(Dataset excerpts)
• • • •

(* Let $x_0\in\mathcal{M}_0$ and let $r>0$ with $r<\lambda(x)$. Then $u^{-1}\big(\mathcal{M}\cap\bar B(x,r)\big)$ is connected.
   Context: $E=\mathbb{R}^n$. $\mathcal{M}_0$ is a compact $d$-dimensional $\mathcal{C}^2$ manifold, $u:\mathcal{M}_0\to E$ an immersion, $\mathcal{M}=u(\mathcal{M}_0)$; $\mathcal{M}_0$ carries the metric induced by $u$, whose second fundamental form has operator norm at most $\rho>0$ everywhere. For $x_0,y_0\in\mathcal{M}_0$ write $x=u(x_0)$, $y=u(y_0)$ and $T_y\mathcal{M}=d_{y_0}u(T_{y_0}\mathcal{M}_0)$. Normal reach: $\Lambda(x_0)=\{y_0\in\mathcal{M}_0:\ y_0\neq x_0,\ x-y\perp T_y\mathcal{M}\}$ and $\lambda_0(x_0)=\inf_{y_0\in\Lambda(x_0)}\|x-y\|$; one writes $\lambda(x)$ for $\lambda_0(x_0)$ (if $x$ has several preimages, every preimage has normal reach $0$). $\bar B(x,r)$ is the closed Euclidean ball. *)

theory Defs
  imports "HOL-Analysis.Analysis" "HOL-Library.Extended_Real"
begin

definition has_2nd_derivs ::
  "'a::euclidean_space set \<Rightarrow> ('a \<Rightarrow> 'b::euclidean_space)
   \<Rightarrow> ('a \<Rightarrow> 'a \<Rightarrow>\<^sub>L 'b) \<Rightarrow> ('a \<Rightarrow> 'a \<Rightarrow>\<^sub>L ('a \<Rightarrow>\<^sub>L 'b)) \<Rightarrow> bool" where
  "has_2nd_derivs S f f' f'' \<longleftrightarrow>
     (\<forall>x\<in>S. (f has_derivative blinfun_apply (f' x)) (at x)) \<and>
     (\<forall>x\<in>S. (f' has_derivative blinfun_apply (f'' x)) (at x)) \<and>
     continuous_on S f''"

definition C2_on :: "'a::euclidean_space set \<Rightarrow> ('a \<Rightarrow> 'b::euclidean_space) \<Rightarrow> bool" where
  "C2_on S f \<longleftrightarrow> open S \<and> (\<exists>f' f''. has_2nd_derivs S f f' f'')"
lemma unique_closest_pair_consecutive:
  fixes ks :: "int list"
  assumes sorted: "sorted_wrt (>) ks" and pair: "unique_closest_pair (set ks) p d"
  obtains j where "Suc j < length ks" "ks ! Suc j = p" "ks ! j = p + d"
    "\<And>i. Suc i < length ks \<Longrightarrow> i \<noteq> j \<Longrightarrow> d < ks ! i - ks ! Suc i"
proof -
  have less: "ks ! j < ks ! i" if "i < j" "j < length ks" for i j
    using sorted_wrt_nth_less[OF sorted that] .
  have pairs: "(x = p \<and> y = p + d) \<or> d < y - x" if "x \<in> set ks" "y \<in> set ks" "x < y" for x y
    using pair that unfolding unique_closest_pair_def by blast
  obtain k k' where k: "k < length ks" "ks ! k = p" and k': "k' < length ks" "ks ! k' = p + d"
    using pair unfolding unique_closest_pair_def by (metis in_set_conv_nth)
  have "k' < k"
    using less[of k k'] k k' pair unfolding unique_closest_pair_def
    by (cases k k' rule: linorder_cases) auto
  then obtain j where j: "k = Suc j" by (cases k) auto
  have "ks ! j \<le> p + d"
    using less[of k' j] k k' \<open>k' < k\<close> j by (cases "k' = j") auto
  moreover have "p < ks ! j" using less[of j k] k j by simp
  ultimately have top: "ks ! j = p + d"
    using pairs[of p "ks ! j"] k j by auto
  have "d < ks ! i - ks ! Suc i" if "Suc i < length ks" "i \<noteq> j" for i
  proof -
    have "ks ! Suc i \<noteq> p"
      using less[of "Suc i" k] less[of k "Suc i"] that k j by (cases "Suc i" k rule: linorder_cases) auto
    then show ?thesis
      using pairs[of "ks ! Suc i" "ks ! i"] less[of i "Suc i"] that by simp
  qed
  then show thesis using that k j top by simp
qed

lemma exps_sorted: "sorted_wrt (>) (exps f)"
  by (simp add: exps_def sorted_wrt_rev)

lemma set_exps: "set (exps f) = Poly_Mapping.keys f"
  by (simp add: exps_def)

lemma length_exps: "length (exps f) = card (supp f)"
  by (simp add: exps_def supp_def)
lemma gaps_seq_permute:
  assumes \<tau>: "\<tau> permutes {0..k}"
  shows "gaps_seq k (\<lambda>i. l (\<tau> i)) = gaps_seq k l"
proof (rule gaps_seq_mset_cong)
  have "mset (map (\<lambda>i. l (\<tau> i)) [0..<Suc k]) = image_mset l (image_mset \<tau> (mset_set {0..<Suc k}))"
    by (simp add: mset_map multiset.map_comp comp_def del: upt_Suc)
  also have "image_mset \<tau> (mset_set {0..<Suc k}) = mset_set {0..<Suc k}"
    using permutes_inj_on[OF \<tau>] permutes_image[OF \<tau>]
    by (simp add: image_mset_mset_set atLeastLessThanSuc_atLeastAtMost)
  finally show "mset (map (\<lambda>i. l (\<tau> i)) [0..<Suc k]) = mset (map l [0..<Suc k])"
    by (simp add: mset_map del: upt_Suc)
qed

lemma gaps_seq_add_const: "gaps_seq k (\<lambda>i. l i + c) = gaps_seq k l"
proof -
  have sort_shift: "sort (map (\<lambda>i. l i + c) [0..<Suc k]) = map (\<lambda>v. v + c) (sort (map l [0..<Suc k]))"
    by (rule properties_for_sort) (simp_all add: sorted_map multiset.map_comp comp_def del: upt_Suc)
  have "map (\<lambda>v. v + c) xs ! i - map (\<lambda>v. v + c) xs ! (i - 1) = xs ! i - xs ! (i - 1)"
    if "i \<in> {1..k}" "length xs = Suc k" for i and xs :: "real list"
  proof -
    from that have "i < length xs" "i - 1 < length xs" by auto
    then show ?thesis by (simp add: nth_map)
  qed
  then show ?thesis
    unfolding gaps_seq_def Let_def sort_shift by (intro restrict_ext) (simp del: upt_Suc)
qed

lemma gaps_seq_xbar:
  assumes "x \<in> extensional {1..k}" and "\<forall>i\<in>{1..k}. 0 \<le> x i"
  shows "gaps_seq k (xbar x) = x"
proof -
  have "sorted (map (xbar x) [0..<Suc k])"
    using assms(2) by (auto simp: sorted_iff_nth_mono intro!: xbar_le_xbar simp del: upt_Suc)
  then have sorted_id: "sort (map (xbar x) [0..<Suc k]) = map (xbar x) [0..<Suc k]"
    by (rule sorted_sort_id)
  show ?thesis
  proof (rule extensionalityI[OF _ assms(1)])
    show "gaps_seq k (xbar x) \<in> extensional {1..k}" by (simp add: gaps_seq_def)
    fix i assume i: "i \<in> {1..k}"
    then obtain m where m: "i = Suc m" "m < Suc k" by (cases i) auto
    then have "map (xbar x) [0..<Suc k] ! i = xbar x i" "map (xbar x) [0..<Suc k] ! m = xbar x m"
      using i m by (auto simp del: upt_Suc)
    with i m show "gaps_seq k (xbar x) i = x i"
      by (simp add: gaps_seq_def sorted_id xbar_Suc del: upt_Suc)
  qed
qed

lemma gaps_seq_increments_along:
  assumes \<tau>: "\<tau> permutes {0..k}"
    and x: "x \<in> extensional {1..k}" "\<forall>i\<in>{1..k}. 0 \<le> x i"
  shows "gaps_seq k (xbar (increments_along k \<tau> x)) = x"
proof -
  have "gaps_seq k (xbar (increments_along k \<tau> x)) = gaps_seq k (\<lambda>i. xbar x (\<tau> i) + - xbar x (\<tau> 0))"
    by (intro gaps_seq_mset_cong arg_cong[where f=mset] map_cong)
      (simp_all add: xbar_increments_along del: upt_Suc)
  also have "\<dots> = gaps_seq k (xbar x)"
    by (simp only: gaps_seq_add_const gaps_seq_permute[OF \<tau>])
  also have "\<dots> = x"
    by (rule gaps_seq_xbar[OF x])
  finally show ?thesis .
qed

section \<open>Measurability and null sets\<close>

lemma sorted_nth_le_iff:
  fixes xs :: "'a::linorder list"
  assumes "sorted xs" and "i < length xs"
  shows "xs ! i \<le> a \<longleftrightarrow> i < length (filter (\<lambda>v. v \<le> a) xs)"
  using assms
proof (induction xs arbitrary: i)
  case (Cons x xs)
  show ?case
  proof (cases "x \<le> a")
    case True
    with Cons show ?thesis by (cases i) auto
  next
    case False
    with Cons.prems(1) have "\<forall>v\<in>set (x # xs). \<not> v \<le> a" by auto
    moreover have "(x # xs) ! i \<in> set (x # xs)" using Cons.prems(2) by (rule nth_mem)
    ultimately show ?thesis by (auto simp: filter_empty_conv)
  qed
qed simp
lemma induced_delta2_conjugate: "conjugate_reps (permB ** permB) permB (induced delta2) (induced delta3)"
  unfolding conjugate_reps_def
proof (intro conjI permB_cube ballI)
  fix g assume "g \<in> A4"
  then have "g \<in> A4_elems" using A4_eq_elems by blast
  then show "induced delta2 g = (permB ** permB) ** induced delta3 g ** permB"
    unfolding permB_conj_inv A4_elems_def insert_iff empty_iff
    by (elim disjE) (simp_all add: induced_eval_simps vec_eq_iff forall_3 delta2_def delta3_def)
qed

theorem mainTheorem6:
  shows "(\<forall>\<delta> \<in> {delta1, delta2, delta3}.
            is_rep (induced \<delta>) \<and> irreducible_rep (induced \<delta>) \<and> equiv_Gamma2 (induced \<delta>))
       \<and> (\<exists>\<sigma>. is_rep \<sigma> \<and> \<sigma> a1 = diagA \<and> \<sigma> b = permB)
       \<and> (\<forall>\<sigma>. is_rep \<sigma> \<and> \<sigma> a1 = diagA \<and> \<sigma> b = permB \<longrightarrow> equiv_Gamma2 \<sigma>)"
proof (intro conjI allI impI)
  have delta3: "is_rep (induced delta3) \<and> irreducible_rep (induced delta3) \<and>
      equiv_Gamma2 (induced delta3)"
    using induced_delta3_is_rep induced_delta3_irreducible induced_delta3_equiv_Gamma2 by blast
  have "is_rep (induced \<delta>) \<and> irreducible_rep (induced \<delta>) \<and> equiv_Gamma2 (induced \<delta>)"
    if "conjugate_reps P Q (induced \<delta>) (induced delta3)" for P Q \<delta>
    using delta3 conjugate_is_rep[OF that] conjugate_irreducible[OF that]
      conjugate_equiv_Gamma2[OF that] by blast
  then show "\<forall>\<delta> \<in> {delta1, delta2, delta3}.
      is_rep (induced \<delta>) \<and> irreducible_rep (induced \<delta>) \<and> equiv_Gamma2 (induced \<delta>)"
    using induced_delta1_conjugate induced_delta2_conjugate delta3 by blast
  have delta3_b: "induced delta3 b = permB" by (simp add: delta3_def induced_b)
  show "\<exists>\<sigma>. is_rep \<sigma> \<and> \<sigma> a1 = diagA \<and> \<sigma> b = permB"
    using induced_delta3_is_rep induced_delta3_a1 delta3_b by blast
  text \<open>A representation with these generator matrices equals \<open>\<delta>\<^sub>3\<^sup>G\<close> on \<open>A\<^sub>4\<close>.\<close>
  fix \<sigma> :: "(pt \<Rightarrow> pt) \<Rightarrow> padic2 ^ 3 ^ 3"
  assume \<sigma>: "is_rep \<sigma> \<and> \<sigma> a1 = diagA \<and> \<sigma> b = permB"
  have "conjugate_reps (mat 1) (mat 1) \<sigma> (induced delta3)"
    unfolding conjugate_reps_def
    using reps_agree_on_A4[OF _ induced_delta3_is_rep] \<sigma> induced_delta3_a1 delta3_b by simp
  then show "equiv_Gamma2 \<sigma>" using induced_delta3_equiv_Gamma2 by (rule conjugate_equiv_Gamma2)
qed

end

• • • •

PROBLEM TO SOLVE :: Search the entries for the word "assumes" and pick out every line that holds it.

TASK RESULT ::
  assumes sorted: "sorted_wrt (>) ks" and pair: "unique_closest_pair (set ks) p d"
  assumes \<tau>: "\<tau> permutes {0..k}"
  assumes "x \<in> extensional {1..k}" and "\<forall>i\<in>{1..k}. 0 \<le> x i"
  assumes \<tau>: "\<tau> permutes {0..k}"
  assumes "sorted xs" and "i < length xs"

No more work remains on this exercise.